## Exercise
In the entries below, find the line containing "(- n)) summable_on" and the line containing "s) \<tau> = infsum". Copy those two lines and everything between them exactly, and only that.

%%

(* $\dim_{\mathbb C}V_k\le|\mathbf B_k|$, where $|\mathbf B_k|=\frac14(u-1)(w+1)$ if $u$ is odd and $|\mathbf B_k|=\frac14uw-\frac12(v-1-u)$ if $u$ is even.
   Context: $u,v\in\mathbb Z_{\ge2}$ coprime with $u<2v$; $k=-2+u/v<0$, $w=2v-u$, $\mathbb L=2w\mathbb Z$. $\chi^{u,v}_{r,s}(q)=\eta(q)^{-1}\sum_{n\in\mathbb Z}(q^{(2uvn+vr-us)^2/4uv}-q^{(2uvn+vr+us)^2/4uv})$, $\eta$ Dedekind's eta; for $\mu\in\frac1v\mathbb Z$, $\theta'_{\mu+\mathbb L}(q)=-\frac1{2w}\sum_{\lambda\in\mu+\mathbb L}\lambda q^{-\lambda^2/4k}$; for $1\le r\le u-1$, $\mu\in r-1+2\mathbb Z$, $\Gamma^\mu_r=\sum_{s=1}^{v-1}(-1)^{s-1}\frac{\chi^{u,v}_{r,s}}{\eta}[\theta'_{\mu+sk+\mathbb L}-\theta'_{\mu-sk+\mathbb L}]$. $V_k$ is the span of all such $\Gamma^\mu_r$. $\mathbf B_k$ is the set of integer pairs $(\mu;r)$ with $\mu\equiv r-1\pmod2$ and: if $u$ odd, $0\le\mu\le w$, $1\le r\le\frac{u-1}2$; if $u$ even, either $0\le\mu\le w$, $1\le r\le\frac u2-1$, or $0\le\mu\le\frac w2$, $r=\frac u2$. *)

theory Defs
  imports "HOL-Analysis.Analysis" "HOL-Library.Function_Algebras"
begin

text \<open>Fractional powers of the nome: q^x with q = exp(2 pi i tau), tau in the upper half plane.\<close>
definition qpow :: "complex \<Rightarrow> real \<Rightarrow> complex" where
  "qpow \<tau> x = exp (2 * of_real pi * \<i> * \<tau> * of_real x)"

definition eta :: "complex \<Rightarrow> complex" where
  "eta \<tau> = qpow \<tau> (1/24) * prodinf (\<lambda>n. 1 - qpow \<tau> (real (Suc n)))"

definition kk :: "nat \<Rightarrow> nat \<Rightarrow> real" where
  "kk u v = -2 + real u / real v"

definition ww :: "nat \<Rightarrow> nat \<Rightarrow> int" where
  "ww u v = 2 * int v - int u"

definition chi :: "nat \<Rightarrow> nat \<Rightarrow> int \<Rightarrow> int \<Rightarrow> complex \<Rightarrow> complex" where
  "chi u v r s \<tau> =
     infsum (\<lambda>n::int.
        qpow \<tau> ((real_of_int (2* int u * int v * n + int v * r - int u * s))^2 / (4*real u*real v))
      - qpow \<tau> ((real_of_int (2* int u * int v * n + int v * r + int u * s))^2 / (4*real u*real v))) UNIV
     / eta \<tau>"

text \<open>theta'_{mu + L}, L = 2wZ, for real mu (used with mu in (1/v)Z).\<close>
definition theta' :: "nat \<Rightarrow> nat \<Rightarrow> real \<Rightarrow> complex \<Rightarrow> complex" where
  "theta' u v \<mu> \<tau> =
     - (1 / (2 * of_int (ww u v))) *
       infsum (\<lambda>n::int. of_real (\<mu> + 2 * real_of_int (ww u v) * real_of_int n)
          * qpow \<tau> (- ((\<mu> + 2 * real_of_int (ww u v) * real_of_int n) ^ 2) / (4 * kk u v))) UNIV"

definition Gamma :: "nat \<Rightarrow> nat \<Rightarrow> int \<Rightarrow> int \<Rightarrow> complex \<Rightarrow> complex" where
  "Gamma u v \<mu> r \<tau> =
     (if Im \<tau> > 0 then
        (\<Sum>s\<in>{1..int v - 1}. (-1)^(nat (s - 1)) * (chi u v r s \<tau> / eta \<tau>) *
            (theta' u v (real_of_int \<mu> + real_of_int s * kk u v) \<tau>
           - theta' u v (real_of_int \<mu> - real_of_int s * kk u v) \<tau>))
      else 0)"

definition cscale :: "complex \<Rightarrow> (complex \<Rightarrow> complex) \<Rightarrow> (complex \<Rightarrow> complex)" where
  "cscale c f = (\<lambda>x. c * f x)"

definition Vk :: "nat \<Rightarrow> nat \<Rightarrow> (complex \<Rightarrow> complex) set" where
  "Vk u v = module.span cscale
     {Gamma u v \<mu> r | \<mu> r. 1 \<le> r \<and> r \<le> int u - 1 \<and> \<mu> mod 2 = (r - 1) mod 2}"

definition Bk :: "nat \<Rightarrow> nat \<Rightarrow> (int \<times> int) set" where
  "Bk u v = {(\<mu>, r). \<mu> mod 2 = (r - 1) mod 2 \<and>
     (if odd u then 0 \<le> \<mu> \<and> \<mu> \<le> ww u v \<and> 1 \<le> r \<and> 2 * r \<le> int u - 1
      else (0 \<le> \<mu> \<and> \<mu> \<le> ww u v \<and> 1 \<le> r \<and> 2 * r \<le> int u - 2)
         \<or> (0 \<le> \<mu> \<and> 2 * \<mu> \<le> ww u v \<and> 2 * r = int u))}"

end

theory Submission
  imports Defs
begin

(* Gamma^mu_r depends on mu only modulo 2w and is even in mu, because theta'_{mu+L} is
   2w-periodic and odd in mu; so mu may be taken in [0, w].  The symmetry
   chi_{u-r,v-s} = chi_{r,s} of the characters, together with (v - s) k = -w - s k, gives
   Gamma^mu_{u-r} = +-Gamma^{w-mu}_r.  This halves the range of r, and for r = u/2 also the
   range of mu, so the Gamma^mu_r with (mu;r) in B_k span V_k.  Counting B_k row by row is
   then a count of integers of prescribed parity in an interval. *)

lemma summable_on_int_geometric:
  fixes z :: real
  assumes "0 \<le> z" "z < 1"
  shows "(\<lambda>m::int. z ^ nat \<bar>m\<bar>) summable_on UNIV"
proof -
  have nat: "(\<lambda>n::nat. z ^ n) summable_on UNIV"
    using assms by (subst summable_on_UNIV_nonneg_real_iff) (auto intro: summable_geometric)
  have pos: "(\<lambda>m::int. z ^ nat \<bar>m\<bar>) summable_on range int"
    by (subst summable_on_reindex) (auto simp: o_def nat)
  have neg: "(\<lambda>m::int. z ^ nat \<bar>m\<bar>) summable_on range (\<lambda>n. - int n)"
    by (subst summable_on_reindex) (auto simp: o_def nat inj_on_def)
  have "(UNIV :: int set) = range int \<union> range (\<lambda>n. - int n)"
  proof (intro set_eqI iffI)
    fix x :: int
    show "x \<in> range int \<union> range (\<lambda>n. - int n)"
      using range_eqI[of x int "nat x"] range_eqI[of x "\<lambda>n. - int n" "nat (- x)"]
      by (cases "x \<ge> 0") auto
  qed simp
  then show ?thesis
    using summable_on_union[OF pos neg] by simp
qed

lemma summable_on_exp_neg_square:
  fixes \<beta> :: real
  assumes "\<beta> > 0"
  shows "(\<lambda>m::int. exp (- \<beta> * (real_of_int m)\<^sup>2)) summable_on UNIV"
proof (rule summable_on_comparison_test[OF summable_on_int_geometric[of "exp (- \<beta>)"]])
  fix m :: int
  have "\<bar>m\<bar> \<le> m\<^sup>2"
    using self_le_power[of "\<bar>m\<bar>" 2] by (cases "m = 0") simp_all
  then have "real_of_int \<bar>m\<bar> \<le> (real_of_int m)\<^sup>2"
    by (metis of_int_le_iff of_int_power)
  then have "real (nat \<bar>m\<bar>) * (- \<beta>) \<ge> - \<beta> * (real_of_int m)\<^sup>2"
    using assms by simp
  then show "exp (- \<beta> * (real_of_int m)\<^sup>2) \<le> exp (- \<beta>) ^ nat \<bar>m\<bar>"
    by (simp add: exp_of_nat_mult[symmetric])
qed (use assms in simp_all)

lemma norm_qpow: "norm (qpow \<tau> x) = exp (- 2 * pi * Im \<tau> * x)"
  by (simp add: qpow_def)

lemma summable_on_qpow_square:
  assumes "Im \<tau> > 0" "c > 0" "inj h"
  shows "(\<lambda>n::int. qpow \<tau> ((real_of_int (h n))\<^sup>2 / c)) summable_on UNIV"
proof (rule abs_summable_summable)
  define \<beta> where "\<beta> = 2 * pi * Im \<tau> / c"
  have "\<beta> > 0"
    using assms by (simp add: \<beta>_def)
  then have "(\<lambda>m::int. exp (- \<beta> * (real_of_int m)\<^sup>2)) summable_on range h"
    by (rule summable_on_subset_banach[OF summable_on_exp_neg_square]) simp
  then have "(\<lambda>n. exp (- \<beta> * (real_of_int (h n))\<^sup>2)) summable_on UNIV"
    by (subst (asm) summable_on_reindex[OF assms(3)]) (simp add: o_def)
  then show "(\<lambda>n. norm (qpow \<tau> ((real_of_int (h n))\<^sup>2 / c))) summable_on UNIV"
    by (simp add: norm_qpow \<beta>_def)
qed

lemma infsum_diff:
  fixes f g :: "'a \<Rightarrow> 'b::{topological_ab_group_add, t2_space}"
  assumes "f summable_on A" "g summable_on A"
  shows "infsum (\<lambda>x. f x - g x) A = infsum f A - infsum g A"
  using infsum_add[OF assms(1), of "\<lambda>x. - g x"] assms(2)
  by (simp add: summable_on_uminus infsum_uminus)

lemma theta'_uminus: "theta' u v (- x) \<tau> = - theta' u v x \<tau>"
proof -
  have "infsum (\<lambda>n::int. of_real (- x + 2 * real_of_int (ww u v) * real_of_int n)
          * qpow \<tau> (- ((- x + 2 * real_of_int (ww u v) * real_of_int n)\<^sup>2) / (4 * kk u v))) UNIV
      = infsum (\<lambda>n::int. - (of_real (x + 2 * real_of_int (ww u v) * real_of_int n)
          * qpow \<tau> (- ((x + 2 * real_of_int (ww u v) * real_of_int n)\<^sup>2) / (4 * kk u v)))) UNIV"
  proof (rule infsum_reindex_bij_witness[of UNIV uminus uminus])
    fix n :: int
    have "x + 2 * real_of_int (ww u v) * real_of_int (- n) = - (- x + 2 * real_of_int (ww u v) * real_of_int n)"
      by simp
    then show "- (of_real (x + 2 * real_of_int (ww u v) * real_of_int (- n))
          * qpow \<tau> (- ((x + 2 * real_of_int (ww u v) * real_of_int (- n))\<^sup>2) / (4 * kk u v)))
        = of_real (- x + 2 * real_of_int (ww u v) * real_of_int n)
          * qpow \<tau> (- ((- x + 2 * real_of_int (ww u v) * real_of_int n)\<^sup>2) / (4 * kk u v))"
      by (simp only: power2_minus of_real_minus mult_minus_left minus_minus)
  qed simp_all
  then show ?thesis
    by (simp add: theta'_def infsum_uminus)
qed

lemma theta'_period: "theta' u v (x + 2 * real_of_int (ww u v) * real_of_int j) \<tau> = theta' u v x \<tau>"
proof -
  have "infsum (\<lambda>n::int. of_real (x + 2 * real_of_int (ww u v) * real_of_int j + 2 * real_of_int (ww u v) * real_of_int n)
          * qpow \<tau> (- ((x + 2 * real_of_int (ww u v) * real_of_int j + 2 * real_of_int (ww u v) * real_of_int n)\<^sup>2) / (4 * kk u v))) UNIV
      = infsum (\<lambda>n::int. of_real (x + 2 * real_of_int (ww u v) * real_of_int n)
          * qpow \<tau> (- ((x + 2 * real_of_int (ww u v) * real_of_int n)\<^sup>2) / (4 * kk u v))) UNIV"
    by (rule infsum_reindex_bij_witness[of UNIV "\<lambda>n. n - j" "\<lambda>n. n + j"]) (simp_all add: algebra_simps)
  then show ?thesis
    by (simp only: theta'_def)
qed

lemma chi_flip:
  assumes "u > 0" "v > 0" "Im \<tau> > 0"
  shows "chi u v (int u - r) (int v - s) \<tau> = chi u v r s \<tau>"
proof -
  define c where "c = 4 * real u * real v"
  define f where "f n = qpow \<tau> ((real_of_int (2 * int u * int v * n + int v * r - int u * s))\<^sup>2 / c)" for n
  define g where "g n = qpow \<tau> ((real_of_int (2 * int u * int v * n + int v * r + int u * s))\<^sup>2 / c)" for n
  have "c > 0"
    using assms by (simp add: c_def)
  have "inj (\<lambda>n. 2 * int u * int v * n + b)" for b
    using assms by (auto intro: inj_onI)
  then have f: "f summable_on UNIV" and g: "g summable_on UNIV"
    unfolding f_def g_def add_diff_eq[symmetric] add.assoc
    by (rule summable_on_qpow_square[OF assms(3) \<open>c > 0\<close>])+
  have f': "(\<lambda>n. f (- n)) summable_on UNIV"
    using f by (subst summable_on_reindex_bij_witness[of UNIV uminus uminus UNIV f]) simp_all
  have g': "(\<lambda>n. g (- n - 1)) summable_on UNIV"
    using g by (subst summable_on_reindex_bij_witness[of UNIV "\<lambda>n. - n - 1" "\<lambda>n. - n - 1" UNIV g]) simp_all
  (* n \<mapsto> -n and n \<mapsto> -n - 1 carry the two series of chi_{r,s} to those of chi_{u-r,v-s} *)
  have "infsum (\<lambda>n. f (- n)) UNIV = infsum f UNIV"
    by (rule infsum_reindex_bij_witness[of UNIV uminus uminus]) simp_all
  moreover have "infsum (\<lambda>n. g (- n - 1)) UNIV = infsum g UNIV"
    by (rule infsum_reindex_bij_witness[of UNIV "\<lambda>n. - n - 1" "\<lambda>n. - n - 1"]) simp_all
  ultimately have sum: "infsum (\<lambda>n. f (- n) - g (- n - 1)) UNIV = infsum (\<lambda>n. f n - g n) UNIV"
    by (simp add: infsum_diff f g f' g')
  have "2 * int u * int v * n + int v * (int u - r) - int u * (int v - s)
      = - (2 * int u * int v * (- n) + int v * r - int u * s)"
   and "2 * int u * int v * n + int v * (int u - r) + int u * (int v - s)
      = - (2 * int u * int v * (- n - 1) + int v * r + int u * s)" for n
    by (simp_all add: algebra_simps)
  then have "chi u v (int u - r) (int v - s) \<tau> = infsum (\<lambda>n. f (- n) - g (- n - 1)) UNIV / eta \<tau>"
    unfolding chi_def f_def g_def c_def by (simp only: of_int_minus power2_minus)
  with sum show ?thesis
    by (simp add: chi_def f_def g_def c_def)
qed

%%

## Result for this exercise
  have f': "(\<lambda>n. f (- n)) summable_on UNIV"
    using f by (subst summable_on_reindex_bij_witness[of UNIV uminus uminus UNIV f]) simp_all
  have g': "(\<lambda>n. g (- n - 1)) summable_on UNIV"
    using g by (subst summable_on_reindex_bij_witness[of UNIV "\<lambda>n. - n - 1" "\<lambda>n. - n - 1" UNIV g]) simp_all
  (* n \<mapsto> -n and n \<mapsto> -n - 1 carry the two series of chi_{r,s} to those of chi_{u-r,v-s} *)
  have "infsum (\<lambda>n. f (- n)) UNIV = infsum f UNIV"
    by (rule infsum_reindex_bij_witness[of UNIV uminus uminus]) simp_all
  moreover have "infsum (\<lambda>n. g (- n - 1)) UNIV = infsum g UNIV"
    by (rule infsum_reindex_bij_witness[of UNIV "\<lambda>n. - n - 1" "\<lambda>n. - n - 1"]) simp_all
  ultimately have sum: "infsum (\<lambda>n. f (- n) - g (- n - 1)) UNIV = infsum (\<lambda>n. f n - g n) UNIV"
    by (simp add: infsum_diff f g f' g')
  have "2 * int u * int v * n + int v * (int u - r) - int u * (int v - s)
      = - (2 * int u * int v * (- n) + int v * r - int u * s)"
   and "2 * int u * int v * n + int v * (int u - r) + int u * (int v - s)
      = - (2 * int u * int v * (- n - 1) + int v * r + int u * s)" for n
    by (simp_all add: algebra_simps)
  then have "chi u v (int u - r) (int v - s) \<tau> = infsum (\<lambda>n. f (- n) - g (- n - 1)) UNIV / eta \<tau>"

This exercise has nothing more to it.